Mind you, it's not very likely that there will be a serious problem with a device that will only manifest in a random unit at an obscure market and not surface at all in at least one of that device's major markets.
On a more general comment, I think that, right now, these expectations may not be that clear for a lot of people (regulators and evaluators included, that's why we've been seeing a number of NCs related to these being raised recently), but newer and future regulations will make these expectations more clear, including clear requirements.

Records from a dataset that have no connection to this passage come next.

lemma lam_partial1:
  assumes zx: "(z, x) \<in> U"
  shows "partial1 lam (z, x) = c * lam (z, x) / (2 * (c * z + d))"
proof -
  define u w where "u = c * z + d" and "w = c * x + d"
  have nz: "u \<noteq> 0" "w \<noteq> 0" "lam (z, x) \<noteq> 0"
    using U_dom[OF zx] lam_nonzero[OF zx] unfolding u_def w_def by auto
  have "((\<lambda>t. lam (t, x)^2) has_field_derivative 2 * lam (z, x) * partial1 lam (z, x)) (at z)"
    using holo2_has_field_derivative_partial1[OF lam_holo zx] by (auto intro!: derivative_eq_intros)
  moreover have "((\<lambda>t. lam (t, x)^2) has_field_derivative c / w) (at z)"
  proof (rule has_field_derivative_transform_within_open[OF _ open_slice1[OF U_open]])
    show "((\<lambda>t. (c * t + d) / w) has_field_derivative c / w) (at z)"
      using nz by (auto intro!: derivative_eq_intros)
    show "(c * t + d) / w = lam (t, x)^2" if "t \<in> {t. (t, x) \<in> U}" for t
      using lam_sq_eq that unfolding w_def by simp
  qed (use zx in simp)
  ultimately have "2 * lam (z, x) * partial1 lam (z, x) = c / w"
    by (rule DERIV_unique)
  then have "partial1 lam (z, x) = c / w / (2 * lam (z, x))"
    using nz by (simp add: field_simps)
  also have "\<dots> = c * lam (z, x) / (2 * (lam (z, x)^2 * w))"
    using nz by (simp add: field_simps power2_eq_square)
  also have "lam (z, x)^2 * w = u"
    using lam_sq_mult[OF zx] unfolding u_def w_def .
  finally show ?thesis unfolding u_def .
qed
(* Let $w:\mathbb R^+\times\mathbb R\to\mathbb R^n$ and $f:\mathbb R^n\to\mathbb R^n$ (smooth) define the system of conservation laws $\partial_t w+\partial_x f(w)=0$, where $w=(w_1,w_2)$ with $w_1\in\mathbb R^l$, $w_2\in\mathbb R^{n-l}$, and $f=(0,f_2)$ with $f_2\in\mathbb R^{n-l}$. Assume that $\eta(w)$ is a (smooth) function which is strictly convex with respect to $w_2$ at fixed $w_1$ and such that $\partial_t\eta(w)=0$ for smooth solutions, and that $\nabla_{w_1}f_2(w)=0$. Then the system is hyperbolic.
   Context: Hyperbolic means that for every state $w$ the Jacobian matrix $\nabla_w f(w)$ is diagonalizable with real eigenvalues. *)

theory Defs
  imports "HOL-Analysis.Analysis"
begin

definition real_diagonalizable :: "real^'n^'n \<Rightarrow> bool" where
  "real_diagonalizable A \<longleftrightarrow>
     (\<exists>P D::real^'n^'n. invertible P \<and> (\<forall>i j. i \<noteq> j \<longrightarrow> D $ i $ j = 0)
        \<and> matrix_inv P ** A ** P = D)"

definition hyperbolic :: "(real^'n \<Rightarrow> real^'n) \<Rightarrow> bool" where
  "hyperbolic f \<longleftrightarrow>
     (\<forall>w. f differentiable (at w) \<and>
          real_diagonalizable (matrix (frechet_derivative f (at w))))"

end

theory Submission
  imports Defs
begin

text \<open>Let \<open>g = \<nabla>\<eta>\<close> and \<open>H = \<nabla>\<^sup>2\<eta>\<close>. Differentiating the identity \<open>g(w) \<bullet> J(w) k = 0\<close> in a
  direction \<open>h\<close> gives \<open>H h \<bullet> J k + g \<bullet> D\<^sup>2f(h, k) = 0\<close>; as second derivatives are symmetric,
  \<open>H h \<bullet> J k\<close> is symmetric in \<open>h\<close> and \<open>k\<close>. Since \<open>f\<^sub>1 = 0\<close> and \<open>f\<^sub>2\<close> does not depend on \<open>w\<^sub>1\<close>,
  the Jacobian \<open>J\<close> vanishes outside the \<open>w\<^sub>2\<close>-block, so \<open>J\<close> is self-adjoint for the inner product
  \<open>B(x, y) = x\<^sub>1 \<bullet> y\<^sub>1 + x\<^sub>2 \<bullet> H y\<^sub>2\<close>, which is positive definite by strict convexity of \<open>\<eta>\<close> in \<open>w\<^sub>2\<close>.
  A self-adjoint operator has a basis of eigenvectors: a maximizer of the Rayleigh quotient on
  an invariant subspace is an eigenvector, and its \<open>B\<close>-orthogonal complement is again invariant.\<close>

lemma has_derivative_increment_bound:
  fixes G :: "'a::real_normed_vector \<Rightarrow> 'b::real_normed_vector"
  assumes dG: "(G has_derivative L) (at w)" and e: "e > 0"
  obtains d where "d > 0"
    and "\<And>y z. norm (y - w) < d \<Longrightarrow> norm (z - w) < d \<Longrightarrow>
           norm (G y - G z - L (y - z)) \<le> e * (norm (y - w) + norm (z - w))"
proof -
  interpret L: bounded_linear L using dG by (rule has_derivative_bounded_linear)
  obtain d where "d > 0" and rem: "\<And>y. norm (y - w) < d \<Longrightarrow> norm (G y - G w - L (y - w)) \<le> e * norm (y - w)"
    using dG e unfolding has_derivative_at_alt by blast
  moreover have "norm (G y - G z - L (y - z)) \<le> e * (norm (y - w) + norm (z - w))"
    if "norm (y - w) < d" "norm (z - w) < d" for y z
  proof -
    have "G y - G z - L (y - z) = (G y - G w - L (y - w)) - (G z - G w - L (z - w))"
      by (simp add: L.diff algebra_simps)
    also have "norm \<dots> \<le> norm (G y - G w - L (y - w)) + norm (G z - G w - L (z - w))"
      by (rule norm_triangle_ineq4)
    also have "\<dots> \<le> e * (norm (y - w) + norm (z - w))"
      using rem[OF that(1)] rem[OF that(2)] by (simp add: distrib_left)
    finally show ?thesis .
  qed
  ultimately show ?thesis using that by blast
qed
lemma dual_qr_iff_skew:
  "(Q_s, Q_i) \<in> dual_carrier m n \<and> (R_s, R_i) \<in> dual_carrier n n
    \<and> dual_orthonormal_cols n (Q_s, Q_i) \<and> dual_upper_triangular (R_s, R_i)
    \<and> (A_s, A_i) = dmult (Q_s, Q_i) (R_s, R_i) \<longleftrightarrow>
   (\<exists>P \<in> carrier_mat n n. transpose_mat P = - P \<and> Q_i = Q_i_of P \<and> R_i = R_i_of P
      \<and> upper_triangular (R_i_of P))"
proof -
  obtain R_s' where inv: "mat_inverse R_s = Some R_s'" "R_s * R_s' = 1\<^sub>m n" "R_s' * R_s = 1\<^sub>m n"
    and R_s': "R_s' \<in> carrier_mat n n"
    using mat_inverse_upper_triangular[OF R_s upper diag] by blast
  have T: "transpose_mat Q_s \<in> carrier_mat n m" using Q_s by simp
  have carriers: "Q_i_of P \<in> carrier_mat m n" "R_i_of P \<in> carrier_mat n n"
    if "P \<in> carrier_mat n n" for P
    using that Q_s R_s A_i R_s' inv(1)
    by (auto intro!: add_carrier_mat minus_carrier_mat mult_carrier_mat[of _ m m]
        mult_carrier_mat[of _ n n] mult_carrier_mat[OF T])
  show ?thesis
  proof
    assume dual_qr: "(Q_s, Q_i) \<in> dual_carrier m n \<and> (R_s, R_i) \<in> dual_carrier n n
      \<and> dual_orthonormal_cols n (Q_s, Q_i) \<and> dual_upper_triangular (R_s, R_i)
      \<and> (A_s, A_i) = dmult (Q_s, Q_i) (R_s, R_i)"
    then have Q_i: "Q_i \<in> carrier_mat m n" and R_i: "R_i \<in> carrier_mat n n"
      and A_i_eq: "A_i = Q_s * R_i + Q_i * R_s" and "upper_triangular R_i"
      by (auto simp: dual_carrier_def dual_upper_triangular_def dmult_def)
    let ?P = "transpose_mat Q_s * Q_i"
    have P: "?P \<in> carrier_mat n n" using Q_s Q_i by simp
    have "transpose_mat ?P = - ?P"
      using dual_qr dual_orthonormal_cols_iff_skew[OF Q_s Q_i] by blast
    moreover have "Q_i = Q_i_of ?P \<and> R_i = R_i_of ?P"
      using dual_qr_infinitesimal_parts_eq[OF Q_s Q_i R_s R_i P R_s' orthonormal inv(2,3) A_i_eq]
        inv(1) by simp
    ultimately show "\<exists>P \<in> carrier_mat n n. transpose_mat P = - P \<and> Q_i = Q_i_of P
      \<and> R_i = R_i_of P \<and> upper_triangular (R_i_of P)"
      using P \<open>upper_triangular R_i\<close> by metis
  next
    assume "\<exists>P \<in> carrier_mat n n. transpose_mat P = - P \<and> Q_i = Q_i_of P \<and> R_i = R_i_of P
      \<and> upper_triangular (R_i_of P)"
    then obtain P where P: "P \<in> carrier_mat n n" and skew: "transpose_mat P = - P"
      and Q_i_eq: "Q_i = Q_i_of P" and R_i_eq: "R_i = R_i_of P" and "upper_triangular R_i"
      by blast
    have Q_i: "Q_i \<in> carrier_mat m n" and R_i: "R_i \<in> carrier_mat n n"
      using carriers[OF P] Q_i_eq R_i_eq by simp_all
    have "A_i = Q_s * R_i + Q_i * R_s \<and> transpose_mat Q_s * Q_i = P"
      using dual_qr_infinitesimal_parts_of_eq[OF Q_s A_i R_s P R_s' orthonormal inv(2,3)]
        Q_i_eq R_i_eq inv(1) by simp
    then show "(Q_s, Q_i) \<in> dual_carrier m n \<and> (R_s, R_i) \<in> dual_carrier n n
      \<and> dual_orthonormal_cols n (Q_s, Q_i) \<and> dual_upper_triangular (R_s, R_i)
      \<and> (A_s, A_i) = dmult (Q_s, Q_i) (R_s, R_i)"
      using Q_i R_i Q_s R_s skew orthonormal upper A_s \<open>upper_triangular R_i\<close>
        dual_orthonormal_cols_iff_skew[OF Q_s Q_i]
      by (auto simp: dual_carrier_def dual_upper_triangular_def dmult_def)
  qed
qed

end

theorem theorem3p2:
  fixes m n :: nat and A_s A_i Q_s R_s :: "real mat"
  assumes "A_s \<in> carrier_mat m n" and "A_i \<in> carrier_mat m n" and "m \<ge> n"
    and "vec_space.rank m A_s = n"
    and "Q_s \<in> carrier_mat m n" and "R_s \<in> carrier_mat n n"
    and "transpose_mat Q_s * Q_s = 1\<^sub>m n"
    and "upper_triangular R_s" and "\<forall>i<n. R_s $$ (i,i) > 0"
    and "A_s = Q_s * R_s"
  shows "(let B = transpose_mat Q_s * A_i;
             P = Pmat n B R_s;
             Q_i = (1\<^sub>m m - Q_s * transpose_mat Q_s) * A_i * the (mat_inverse R_s) + Q_s * P;
             R_i = transpose_mat Q_s * A_i - P * R_s
         in (Q_s, Q_i) \<in> dual_carrier m n \<and> (R_s, R_i) \<in> dual_carrier n n
            \<and> dual_orthonormal_cols n (Q_s, Q_i)
            \<and> dual_upper_triangular (R_s, R_i)
            \<and> (A_s, A_i) = dmult (Q_s, Q_i) (R_s, R_i))
         \<and> (\<forall>Q_i R_i. (Q_s, Q_i) \<in> dual_carrier m n \<and> (R_s, R_i) \<in> dual_carrier n n
            \<and> dual_orthonormal_cols n (Q_s, Q_i)
            \<and> dual_upper_triangular (R_s, R_i)
            \<and> (A_s, A_i) = dmult (Q_s, Q_i) (R_s, R_i)
          \<longrightarrow> (\<exists>P \<in> carrier_mat n n. transpose_mat P = - P
                \<and> Q_i = (1\<^sub>m m - Q_s * transpose_mat Q_s) * A_i * the (mat_inverse R_s) + Q_s * P
                \<and> R_i = transpose_mat Q_s * A_i - P * R_s))"
proof -
  interpret thin_qr_standard_parts m n A_s A_i Q_s R_s
    using assms by unfold_locales auto
  have "upper_triangular (R_i_of (Pmat n (transpose_mat Q_s * A_i) R_s))"
    using upper_triangular_minus_Pmat_mult[OF _ R_s upper diag] Q_s A_i by simp
  then have "\<exists>P \<in> carrier_mat n n. transpose_mat P = - P
      \<and> Q_i_of (Pmat n (transpose_mat Q_s * A_i) R_s) = Q_i_of P
      \<and> R_i_of (Pmat n (transpose_mat Q_s * A_i) R_s) = R_i_of P \<and> upper_triangular (R_i_of P)"
    using Pmat_carrier transpose_Pmat by blast
  then show ?thesis
    unfolding Let_def dual_qr_iff_skew by blast
qed

end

In fact, I've been having some trouble with clients because they do seem to understand PMS as only adverse event reporting and field safety actions (which is the part of PMS that is explicit regulated right now), but regulatory expectations obviously far exceed those.
One interesting problem I noted is the lack of focus on gathering (using reactive and proactive methods) positive input related to device experience which can help in several ways, for example, in confirming performance claims, being part of PMCF, confirming risk analysis, and the like. I've got some clients which are so focused on the "regulatory" PMS that they do not even have a place in their QMS to record positive feedback (and they end up being include as complaints
Even with the revised MDD regulations in Europe mentioning "device experience"which includes positive and negative, my experience is that most manufacturer and a lot of evaluators have still been focusing only on negatives. And then the manufacturer has a lot of trouble to show compliance with some of the expectancies related to positives (clinical evaluation is clearly one of those).